Par ailleurs, le rapport de la police judiciaire est constitué de cinq
pages, les décisions de renvoi en jugement de deux ou trois pages, ce
qui est fort peu pour une affaire complexe.
Les requérants font par ailleurs valoir qu'ils ont toujours
collaboré à la recherche de la vérité et se sont toujours présentés
ponctuellement à la justice lorsqu'ils en ont été requis.
Par contre, ils relèvent qu'entre le renvoi de l'affaire au
juge d'instruction le 18 janvier 1975, et l'accomplissement par ce
dernier du premier acte d'instruction, il s'est écoulé presque un
lustre. Ils notent également que les remises d'audience, à
l'exception de deux d'entre elles, furent motivées par des causes
diverses qui ne leur sont pas imputables.
La Commission relève que la procédure diligentée contre
les requérants a débuté le 23 juin 1974, date à laquelle les
requérants furent informés qu'ils faisaient l'objet de poursuites.

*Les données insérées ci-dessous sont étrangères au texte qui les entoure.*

(* Let $A\in\mathbb{R}^{m\times N}$ with $N=pn$, let $\mathbf{x}\in\mathbb{R}^N$ be block $k$-sparse ($\lVert\mathbf{x}\rVert_{2,0}\le k$), and let $\mathbf{y}=A\mathbf{x}+\boldsymbol{\epsilon}$. For any $q\in(1,\infty]$: 1) If $\lVert\boldsymbol{\epsilon}\rVert_2\le\zeta$, then the solution $\hat{\mathbf{x}}$ of the block basis pursuit $\min_{\mathbf{z}}\lVert\mathbf{z}\rVert_{2,1}$ s.t. $\lVert\mathbf{y}-A\mathbf{z}\rVert_2\le\zeta$ obeys $$\lVert\hat{\mathbf{x}}-\mathbf{x}\rVert_{2,q}\le\frac{2\zeta}{\beta_{q,2^{\frac{q}{q-1}}k}(A)},\qquad \lVert\hat{\mathbf{x}}-\mathbf{x}\rVert_{2,1}\le\frac{4k^{1-1/q}\zeta}{\beta_{q,2^{\frac{q}{q-1}}k}(A)}.$$ 2) If $\lVert A^T\boldsymbol{\epsilon}\rVert_{2,\infty}\le\mu$, then the solution $\hat{\mathbf{x}}$ of the block Dantzig selector $\min_{\mathbf{z}}\lVert\mathbf{z}\rVert_{2,1}$ s.t. $\lVert A^T(\mathbf{y}-A\mathbf{z})\rVert_{2,\infty}\le\mu$ obeys $$\lVert\hat{\mathbf{x}}-\mathbf{x}\rVert_{2,q}\le\frac{4k^{1-1/q}}{\beta^2_{q,2^{\frac{q}{q-1}}k}(A)}\mu,\qquad \lVert\hat{\mathbf{x}}-\mathbf{x}\rVert_{2,1}\le\frac{8k^{2-2/q}}{\beta^2_{q,2^{\frac{q}{q-1}}k}(A)}\mu.$$ 3) If $\lVert A^T\boldsymbol{\epsilon}\rVert_{2,\infty}\le\kappa\mu$ for some $\kappa\in(0,1)$, then the solution $\hat{\mathbf{x}}$ of the group lasso $\min_{\mathbf{z}}\frac12\lVert\mathbf{y}-A\mathbf{z}\rVert_2^2+\mu\lVert\mathbf{z}\rVert_{2,1}$ obeys $$\lVert\hat{\mathbf{x}}-\mathbf{x}\rVert_{2,q}\le\frac{1+\kappa}{1-\kappa}\cdot\frac{2k^{1-1/q}}{\beta^2_{q,(\frac{2}{1-\kappa})^{\frac{q}{q-1}}k}(A)}\mu,\qquad \lVert\hat{\mathbf{x}}-\mathbf{x}\rVert_{2,1}\le\frac{1+\kappa}{(1-\kappa)^2}\cdot\frac{4k^{2-2/q}}{\beta^2_{q,(\frac{2}{1-\kappa})^{\frac{q}{q-1}}k}(A)}\mu.$$
   Context: Every $\mathbf{x}\in\mathbb{R}^N$ is partitioned into $p$ consecutive blocks of length $n$: $\mathbf{x}=[\mathbf{x}_1^T,\dots,\mathbf{x}_p^T]^T$, $\mathbf{x}_i\in\mathbb{R}^n$. Mixed norms: $\lVert\mathbf{x}\rVert_{2,0}=\#\{i:\mathbf{x}_i\ne\mathbf{0}\}$, $\lVert\mathbf{x}\rVert_{2,q}=(\sum_{i=1}^p\lVert\mathbf{x}_i\rVert_2^q)^{1/q}$ for $0<q<\infty$, $\lVert\mathbf{x}\rVert_{2,\infty}=\max_i\lVert\mathbf{x}_i\rVert_2$. For nonzero $\mathbf{x}$ and $q\in(1,\infty)$, $k_q(\mathbf{x})=\left(\lVert\mathbf{x}\rVert_{2,1}/\lVert\mathbf{x}\rVert_{2,q}\right)^{q/(q-1)}$, and $k_\infty(\mathbf{x})=\lVert\mathbf{x}\rVert_{2,1}/\lVert\mathbf{x}\rVert_{2,\infty}$. For $q\in(1,\infty]$ and real $s\ge1$, $\beta_{q,s}(A)=\min_{\mathbf{z}\ne\mathbf{0},\,k_q(\mathbf{z})\le s}\lVert A\mathbf{z}\rVert_2/\lVert\mathbf{z}\rVert_{2,q}$ (the paper defines it for $s\in[1,p]$; for $s\ge p$ the constraint is vacuous since $k_q\le p$). For $q=\infty$, $q/(q-1)$ is read as $1$ and $1/q$ as $0$. The parameters $\zeta\ge0$, $\mu>0$ are given; bounds are understood as $+\infty$ when the relevant $\beta$ is $0$. *)

theory Defs
  imports "HOL-Analysis.Analysis"
begin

Les requérants ont été relaxés par jugement du 16 septembre
1987 du tribunal de Salerno, devenu définitif le 23 novembre 1987
après que le procureur de la république et le procureur général eurent
renoncé à poursuivre leur appel.
La procédure a ainsi duré treize ans et cinq mois.
La Commission considère que la question de savoir si la durée
de la procédure a dépassé en l'espèce le délai raisonnable prévu à
l'article 6 par. 1 (art. 6-1) de la Convention, pose de sérieuses
questions de fait et de droit qui ne peuvent être résolues à ce stade
de la procédure, car elles nécessitent un examen approfondi qui relève
du fond de l'affaire.
La Commission constate par ailleurs que le grief ne se heurte
à aucun autre motif d'irrecevabilité.
Par ces motifs, la Commission
DECLARE LES REQUETES RECEVABLES, tout moyen de fond étant
réservé.
Le Secrétaire de Le Président de
la Commission la Commission
(H.C. KRÜGER) (C.A. NØRGAARD)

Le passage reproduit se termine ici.